Problem to solve
The listing below holds a line with "C v rho a T" and a line with "nat \<Rightarrow> 'i". Reproduce those two lines exactly, plus everything between them.
______________________________
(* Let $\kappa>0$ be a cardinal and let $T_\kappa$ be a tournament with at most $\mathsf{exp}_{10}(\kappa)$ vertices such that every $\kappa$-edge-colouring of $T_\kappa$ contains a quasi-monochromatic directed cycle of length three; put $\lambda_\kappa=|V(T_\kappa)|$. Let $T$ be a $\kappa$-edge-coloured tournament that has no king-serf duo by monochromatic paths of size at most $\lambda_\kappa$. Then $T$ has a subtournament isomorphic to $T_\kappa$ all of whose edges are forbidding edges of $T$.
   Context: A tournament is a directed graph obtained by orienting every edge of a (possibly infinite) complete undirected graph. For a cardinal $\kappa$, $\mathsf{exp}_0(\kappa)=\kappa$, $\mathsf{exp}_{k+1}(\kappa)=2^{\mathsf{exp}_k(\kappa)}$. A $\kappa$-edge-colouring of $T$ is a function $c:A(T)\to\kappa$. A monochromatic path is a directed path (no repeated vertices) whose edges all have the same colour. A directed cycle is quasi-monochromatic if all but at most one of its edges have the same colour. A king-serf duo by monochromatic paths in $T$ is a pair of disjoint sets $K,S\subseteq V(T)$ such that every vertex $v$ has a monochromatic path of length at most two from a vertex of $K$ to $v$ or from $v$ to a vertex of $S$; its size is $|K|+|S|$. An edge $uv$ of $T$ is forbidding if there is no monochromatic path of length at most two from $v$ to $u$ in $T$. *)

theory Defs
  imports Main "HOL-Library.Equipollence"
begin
______________________________
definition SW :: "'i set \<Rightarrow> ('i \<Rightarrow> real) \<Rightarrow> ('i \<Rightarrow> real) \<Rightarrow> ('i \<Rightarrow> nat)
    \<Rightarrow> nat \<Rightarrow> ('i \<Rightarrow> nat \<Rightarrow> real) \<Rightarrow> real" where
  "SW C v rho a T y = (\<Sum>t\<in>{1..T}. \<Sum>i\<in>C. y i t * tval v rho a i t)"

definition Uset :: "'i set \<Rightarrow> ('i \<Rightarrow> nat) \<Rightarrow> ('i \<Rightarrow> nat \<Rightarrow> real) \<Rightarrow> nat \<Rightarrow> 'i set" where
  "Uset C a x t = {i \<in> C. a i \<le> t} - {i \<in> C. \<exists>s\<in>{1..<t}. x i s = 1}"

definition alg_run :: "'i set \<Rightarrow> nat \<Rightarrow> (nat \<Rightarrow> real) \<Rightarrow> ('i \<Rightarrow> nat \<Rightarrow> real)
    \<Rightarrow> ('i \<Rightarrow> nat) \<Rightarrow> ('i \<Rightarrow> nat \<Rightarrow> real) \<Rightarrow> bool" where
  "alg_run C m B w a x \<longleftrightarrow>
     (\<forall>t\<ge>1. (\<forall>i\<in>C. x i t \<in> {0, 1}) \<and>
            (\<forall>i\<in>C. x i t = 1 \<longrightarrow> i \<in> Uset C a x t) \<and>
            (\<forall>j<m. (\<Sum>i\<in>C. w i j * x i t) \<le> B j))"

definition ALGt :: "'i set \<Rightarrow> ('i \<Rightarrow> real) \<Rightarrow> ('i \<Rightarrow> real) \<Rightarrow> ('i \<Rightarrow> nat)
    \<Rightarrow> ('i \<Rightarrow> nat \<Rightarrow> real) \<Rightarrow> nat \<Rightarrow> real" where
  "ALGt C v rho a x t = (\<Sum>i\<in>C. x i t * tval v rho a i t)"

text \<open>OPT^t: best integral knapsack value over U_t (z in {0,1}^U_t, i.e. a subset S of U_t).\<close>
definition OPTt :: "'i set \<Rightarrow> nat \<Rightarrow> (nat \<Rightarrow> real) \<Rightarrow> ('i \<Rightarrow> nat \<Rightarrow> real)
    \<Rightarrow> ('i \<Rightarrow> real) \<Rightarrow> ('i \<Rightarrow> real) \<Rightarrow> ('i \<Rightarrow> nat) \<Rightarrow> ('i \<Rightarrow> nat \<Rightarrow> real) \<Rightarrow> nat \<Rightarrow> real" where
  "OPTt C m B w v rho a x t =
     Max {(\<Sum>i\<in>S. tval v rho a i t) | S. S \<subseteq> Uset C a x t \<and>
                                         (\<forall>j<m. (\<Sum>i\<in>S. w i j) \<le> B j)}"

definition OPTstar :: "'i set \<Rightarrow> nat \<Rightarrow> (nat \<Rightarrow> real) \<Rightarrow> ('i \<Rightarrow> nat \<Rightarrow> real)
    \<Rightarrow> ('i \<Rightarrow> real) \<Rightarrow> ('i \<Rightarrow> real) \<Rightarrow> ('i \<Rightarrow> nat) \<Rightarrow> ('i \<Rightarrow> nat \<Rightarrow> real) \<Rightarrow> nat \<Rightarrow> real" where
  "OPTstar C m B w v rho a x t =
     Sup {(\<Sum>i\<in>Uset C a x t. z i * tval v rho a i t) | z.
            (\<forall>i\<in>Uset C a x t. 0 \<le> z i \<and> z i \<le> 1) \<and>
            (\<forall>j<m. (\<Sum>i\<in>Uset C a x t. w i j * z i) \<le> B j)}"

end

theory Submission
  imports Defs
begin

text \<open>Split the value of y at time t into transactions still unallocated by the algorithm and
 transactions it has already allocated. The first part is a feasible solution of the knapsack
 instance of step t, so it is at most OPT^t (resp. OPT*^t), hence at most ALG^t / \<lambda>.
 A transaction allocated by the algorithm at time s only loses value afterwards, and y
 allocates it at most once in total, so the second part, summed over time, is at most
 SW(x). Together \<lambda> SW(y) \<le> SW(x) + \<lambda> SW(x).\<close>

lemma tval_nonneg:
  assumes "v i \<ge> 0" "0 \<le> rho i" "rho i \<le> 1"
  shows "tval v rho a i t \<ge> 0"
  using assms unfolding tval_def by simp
______________________________
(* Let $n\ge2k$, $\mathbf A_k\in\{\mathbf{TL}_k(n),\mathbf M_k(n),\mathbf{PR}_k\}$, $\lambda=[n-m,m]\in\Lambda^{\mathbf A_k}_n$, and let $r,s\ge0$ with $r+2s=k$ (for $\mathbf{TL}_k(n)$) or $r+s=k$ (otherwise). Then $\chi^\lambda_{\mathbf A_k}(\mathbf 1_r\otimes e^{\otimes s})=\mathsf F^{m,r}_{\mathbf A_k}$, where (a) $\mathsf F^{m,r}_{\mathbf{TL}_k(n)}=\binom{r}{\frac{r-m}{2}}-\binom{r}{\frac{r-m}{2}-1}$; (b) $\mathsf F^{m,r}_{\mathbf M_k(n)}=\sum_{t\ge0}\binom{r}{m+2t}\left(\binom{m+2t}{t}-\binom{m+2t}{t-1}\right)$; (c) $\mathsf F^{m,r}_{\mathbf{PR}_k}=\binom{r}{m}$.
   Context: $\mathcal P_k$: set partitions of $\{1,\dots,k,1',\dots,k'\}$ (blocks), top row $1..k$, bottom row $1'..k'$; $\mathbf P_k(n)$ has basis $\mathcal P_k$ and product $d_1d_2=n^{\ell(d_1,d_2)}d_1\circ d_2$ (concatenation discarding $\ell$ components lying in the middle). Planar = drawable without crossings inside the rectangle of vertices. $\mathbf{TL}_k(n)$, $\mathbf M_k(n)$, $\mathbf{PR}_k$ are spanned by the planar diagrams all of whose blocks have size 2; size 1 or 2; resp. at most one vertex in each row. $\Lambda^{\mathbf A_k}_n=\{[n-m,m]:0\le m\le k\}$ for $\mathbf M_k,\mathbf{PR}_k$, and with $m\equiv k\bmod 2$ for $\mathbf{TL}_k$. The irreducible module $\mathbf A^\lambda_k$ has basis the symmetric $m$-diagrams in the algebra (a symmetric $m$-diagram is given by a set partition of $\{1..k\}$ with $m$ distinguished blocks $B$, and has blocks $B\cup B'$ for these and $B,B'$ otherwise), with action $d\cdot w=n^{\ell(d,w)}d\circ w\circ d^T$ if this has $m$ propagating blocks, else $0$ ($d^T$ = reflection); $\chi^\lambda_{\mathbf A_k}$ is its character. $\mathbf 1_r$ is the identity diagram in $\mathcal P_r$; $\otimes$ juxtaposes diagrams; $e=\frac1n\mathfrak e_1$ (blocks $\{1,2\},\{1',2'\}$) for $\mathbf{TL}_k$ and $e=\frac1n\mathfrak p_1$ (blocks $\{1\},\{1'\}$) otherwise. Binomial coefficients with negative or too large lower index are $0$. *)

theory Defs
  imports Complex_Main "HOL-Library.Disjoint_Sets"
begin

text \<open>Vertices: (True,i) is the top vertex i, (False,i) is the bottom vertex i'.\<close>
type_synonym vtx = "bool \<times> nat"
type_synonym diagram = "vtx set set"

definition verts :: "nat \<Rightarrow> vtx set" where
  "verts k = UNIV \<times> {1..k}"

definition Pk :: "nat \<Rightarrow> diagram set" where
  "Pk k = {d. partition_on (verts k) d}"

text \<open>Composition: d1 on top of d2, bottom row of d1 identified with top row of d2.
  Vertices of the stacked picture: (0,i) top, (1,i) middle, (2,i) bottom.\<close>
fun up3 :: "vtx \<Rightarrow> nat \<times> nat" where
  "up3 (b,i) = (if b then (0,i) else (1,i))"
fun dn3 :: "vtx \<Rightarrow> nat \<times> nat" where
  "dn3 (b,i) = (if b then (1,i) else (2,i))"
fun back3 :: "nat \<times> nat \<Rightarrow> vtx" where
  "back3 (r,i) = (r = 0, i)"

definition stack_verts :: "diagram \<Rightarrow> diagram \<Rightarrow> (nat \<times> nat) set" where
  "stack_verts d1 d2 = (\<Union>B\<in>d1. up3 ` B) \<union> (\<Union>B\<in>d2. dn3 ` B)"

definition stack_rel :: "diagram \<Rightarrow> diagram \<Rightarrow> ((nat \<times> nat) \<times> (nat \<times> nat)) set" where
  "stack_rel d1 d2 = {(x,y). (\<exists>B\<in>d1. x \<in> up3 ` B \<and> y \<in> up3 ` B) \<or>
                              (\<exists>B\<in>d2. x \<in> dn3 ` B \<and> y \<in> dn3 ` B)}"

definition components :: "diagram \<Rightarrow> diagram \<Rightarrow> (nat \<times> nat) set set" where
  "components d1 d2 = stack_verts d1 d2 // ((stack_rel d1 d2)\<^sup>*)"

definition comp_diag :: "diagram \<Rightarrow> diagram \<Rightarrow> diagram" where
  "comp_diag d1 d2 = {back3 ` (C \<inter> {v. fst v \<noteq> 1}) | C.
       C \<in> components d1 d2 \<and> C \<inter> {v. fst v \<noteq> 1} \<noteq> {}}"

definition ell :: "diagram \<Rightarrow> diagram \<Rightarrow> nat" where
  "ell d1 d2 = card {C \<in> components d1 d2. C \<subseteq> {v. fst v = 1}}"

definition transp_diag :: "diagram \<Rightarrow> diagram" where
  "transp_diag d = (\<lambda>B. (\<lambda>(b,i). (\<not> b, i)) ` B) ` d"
______________________________
Completed exercise
  "SW C v rho a T y = (\<Sum>t\<in>{1..T}. \<Sum>i\<in>C. y i t * tval v rho a i t)"

definition Uset :: "'i set \<Rightarrow> ('i \<Rightarrow> nat) \<Rightarrow> ('i \<Rightarrow> nat \<Rightarrow> real) \<Rightarrow> nat \<Rightarrow> 'i set" where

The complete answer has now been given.